Interview with Donna Crow

» Posted on Nov 18, 2010 in Blog | Comments Off on Interview with Donna Crow

A Very Private Grave
This week I’m hosting Terri Reed and Stephanie Newton with Holiday Havoc, Donna Crow with A Very Private Grave, and Karen Witemeyer with Head in the Clouds. If you want to enter the drawings, please leave a comment on one of the post during the week with your email address. I will not enter you without an email address (my way to contact you if you win). If you don’t want to leave an email address, another way you can enter is to email me at margaretdaley@gmail.com. The drawings end Sunday (November 21st) evening.

Interview with Donna Crow:

1. What made you start writing?

I have written all my life: My first short story in the third grade— about one of King Arthur’s Knights— and my first series in the sixth grade— adventure stories starring me. But I wrote my first novel Brandley’s Search (reissued as Where Love Begins) when the character of Brandley and his story got in my head and I couldn’t get it out. It was like being pregnant.

2. How long have you been writing? When did you sell your first book?

I wrote Brandley’s Search in the late 70’s, but it wasn’t published until 1986 as part of my Cambridge Collection series. My first published novel was Greengold Autumn, an inspirational romance for Zondervan’s Serenade Romance series. That was great fun to be among the first over the threshold in the exciting new world of inspirational romance.

3. How do you handle rejections?

It’s important always to have a Plan B. As soon as a manuscript is sent out I look for another market— just in case. There have been times when I couldn’t wait for a manuscript to come back because I liked Plan B better. Or plan C or Plan D or. . . Of course, that doesn’t mean it still doesn’t hurt.

4. Why do you write?

To tell the story. Especially because I always incorporate a lot of history even in my contemporary novels. I want to share the stories of those who have done so much, suffered so much, to hand the faith down to us. I believe it’s terribly important that we appreciate our heritage in order to preserve it.

5. What would you be doing with your free time if you weren’t writing?

Reading, gardening, playing with my grandchildren.

6. What are you working on right now?

A Darkly Hidden Truth, the second book in my Monastery Murders series. I’m having a great time with this series because my heroine is such fun to work with. She’s young and energetic and headstrong and I keep telling her she really needs to grow up.
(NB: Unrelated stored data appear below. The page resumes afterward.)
lemma exists_subset_fraction_set_integral_le:
  fixes f :: "real \<Rightarrow> real"
  assumes f: "set_integrable lborel \<rho> f" and \<rho>: "\<rho> \<in> sets lborel" "bounded \<rho>"
    and t: "0 \<le> t" "t \<le> 1"
  obtains \<rho>' where "\<rho>' \<in> sets lborel" "\<rho>' \<subseteq> \<rho>" "measure lborel \<rho>' = t * measure lborel \<rho>"
    "(LINT x:\<rho>'|lborel. f x) \<le> t * (LINT x:\<rho>|lborel. f x)"
proof -
  define m where "m = measure lborel \<rho>"
  have fin: "emeasure lborel \<rho> \<noteq> \<infinity>"
    using emeasure_bounded_finite[OF \<rho>(2)] by simp
  have "0 \<le> m" by (simp add: m_def)
  then consider "t = 1" | "t * m = 0" | "0 < t * m" "t * m < m"
    using t by (cases "t = 1") (auto simp: less_le mult_less_cancel_right1)
  then show thesis
  proof cases
    case 1
    then show thesis using that[of \<rho>] \<rho>(1) by simp
  next
    case 2
    have "(LINT x:\<rho>|lborel. f x) = 0" if "m = 0"
      using that \<rho>(1) fin
      by (intro set_integral_null_set) (auto simp: m_def emeasure_eq_ennreal_measure)
    moreover have "(LINT x:{}|lborel. f x) = 0"
      by (simp add: set_lebesgue_integral_def)
    ultimately show thesis using that[of "{}"] 2 by (auto simp: m_def)
  next
    case 3
    have f_meas: "set_borel_measurable lborel \<rho> f"
      using f by (simp add: set_integrable_def set_borel_measurable_def)
    obtain a where "measure lborel {x\<in>\<rho>. f x < a} \<le> t * m" "t * m \<le> measure lborel {x\<in>\<rho>. f x \<le> a}"
      using exists_sublevel_threshold[OF f_meas \<rho>(1) fin] 3 by (auto simp: m_def)
    then obtain \<rho>' where \<rho>': "\<rho>' \<in> sets lborel" "{x\<in>\<rho>. f x < a} \<subseteq> \<rho>'" "\<rho>' \<subseteq> {x\<in>\<rho>. f x \<le> a}"
      "measure lborel \<rho>' = t * m"
      by (rule lborel_subset_between_sublevels[OF f_meas \<rho>])
    have "(LINT x:\<rho>'|lborel. f x) \<le> t * (LINT x:\<rho>|lborel. f x)"
      by (rule set_integral_le_fraction_if_sublevel[OF f \<rho>(1) fin, where a=a])
        (use \<rho>' t in \<open>auto simp: m_def\<close>)
    then show thesis
      using that[of \<rho>'] \<rho>' by (auto simp: m_def)
  qed
qed
(* Let $Q$ be a non-trivial free abelian pro-$p$ group of finite rank and let $Y$ be the set of all epimorphisms of pro-$p$ groups $\varphi:Q\to Q_1$, where $Q_1\cong\mathbb{Z}_p$. For $\varphi\in Y$ let $\hat\varphi:\mathbb{F}_p[[Q]]\to\mathbb{F}_p[[Q_1]]$ be the continuous ring homomorphism induced by $\varphi$. Then $\bigcap_{\varphi\in Y}\ker(\hat\varphi)=0$.
   Context: $\mathbb{F}_p[[Q]]$ denotes the completed group algebra of the pro-$p$ group $Q$ over $\mathbb{F}_p$. *)

theory Defs
  imports "HOL-Analysis.Analysis"
begin

text \<open>Concrete model: Q = Z_p^n (n >= 1), written as the inverse limit of the finite
quotients Q/Q^(p^k) = (Z/p^k)^n.\<close>

definition lvl :: "int \<Rightarrow> nat \<Rightarrow> nat \<Rightarrow> (nat \<Rightarrow> int) set" where
  "lvl p n k = {x. (\<forall>i<n. 0 \<le> x i \<and> x i < p ^ k) \<and> (\<forall>i\<ge>n. x i = 0)}"

definition red :: "int \<Rightarrow> nat \<Rightarrow> (nat \<Rightarrow> int) \<Rightarrow> (nat \<Rightarrow> int)" where
  "red p k x = (\<lambda>i. x i mod p ^ k)"

text \<open>Completed group algebra F_p[[Z_p^n]] = inverse limit over k of the group algebras
F_p[(Z/p^k)^n]; an element is a compatible family of coefficient functions f k with values
in F_p = {0..<p}, compatibility being given by the maps induced by the reductions.\<close>
definition fpQ :: "int \<Rightarrow> nat \<Rightarrow> (nat \<Rightarrow> (nat \<Rightarrow> int) \<Rightarrow> int) set" where
  "fpQ p n = {f. \<forall>k.
      (\<forall>x. x \<notin> lvl p n k \<longrightarrow> f k x = 0) \<and>
      (\<forall>x\<in>lvl p n k. 0 \<le> f k x \<and> f k x < p) \<and>
      (\<forall>y\<in>lvl p n k.
         f k y = (\<Sum>x\<in>{x\<in>lvl p n (Suc k). red p k x = y}. f (Suc k) x) mod p)}"

text \<open>Continuous epimorphisms Z_p^n -> Z_p, given as compatible families of surjective
group homomorphisms phi k : (Z/p^k)^n -> Z/p^k (Z/p^k represented by {0..<p^k}).\<close>
definition epis :: "int \<Rightarrow> nat \<Rightarrow> (nat \<Rightarrow> (nat \<Rightarrow> int) \<Rightarrow> int) set" where
  "epis p n = {\<phi>. \<forall>k.
      (\<forall>x. x \<notin> lvl p n k \<longrightarrow> \<phi> k x = 0) \<and>
      (\<forall>x\<in>lvl p n k. \<forall>y\<in>lvl p n k.
          \<phi> k (red p k (\<lambda>i. x i + y i)) = (\<phi> k x + \<phi> k y) mod p ^ k) \<and>
      \<phi> k ` lvl p n k = {0..<p ^ k} \<and>
      (\<forall>x\<in>lvl p n (Suc k). \<phi> k (red p k x) = \<phi> (Suc k) x mod p ^ k)}"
Antony agrees, but he also finds her rather charming as she is. Except now she thinks she wants to become a nun. What am I going
to do with her?

7. Do you put yourself into your books/characters?

My thoughts, my faith, my daydreams, but not my personality. I used a lot of my daughter’s background in developing Felicity because Elizabeth did study classics at Oxford, teach school in London and go off to a monastery in Yorkshire to study (but not to become a nun). I learned very quickly, though, that giving Felicity Elizabeth’s personality made her very boring. Sweet, devout, careful people are great to live with, but not to write about.

8. Tell us about the book you have out right now.

I guess told you quite a bit about it when I told you about Felicity. She is devastated when she finds her beloved Fr. Dominic brutally murdered and Fr. Antony, her church history lecturer, soaked in his blood.

A Very Private Grave is a contemporary novel with a thoroughly modern heroine who must learn some ageless truths in order to solve the mystery and save her own life as she and Fr. Antony flee a murderer and follow clues that take them to out-of-the way sites in northern England and southern Scotland. The narrative mixes detection, intellectual puzzles, spiritual aspiration, romance, and the solving of clues ancient and modern.

9. Do you have any advice for other writers?

Read, read, read— the very best in your genre. Then write from your passion.

10. How important is faith in your books?

As in my life, it’s the center of everything. This is something Felicity has to learn— the reality of a life of faith. By the end of book 1 she’s starting to catch on.

11. What themes do you like to write about?

Almost all of my books deal in some way with the history of British Christianity. But that’s a subject, not a theme. I believe my overall theme is the importance of spiritual heritage.

12. What is your favorite book you’ve written and why?

Perhaps the most important book I’ve written is Glastonbury, The Novel of Christian England, an Arthurian grail search epic that starts with the birth of Christ and goes through the Reformation.

13. What is your writing schedule like?

I begin my day with tea and devotions in my office, then go straight to my computer, answer any pressing e-mails, then get right to work. My husband’s office is also at home, so at 3:00 we break for afternoon tea and share our days to that point— just as we did when we had children coming in from school. It’s a pattern I now see our children repeating with our grandchildren.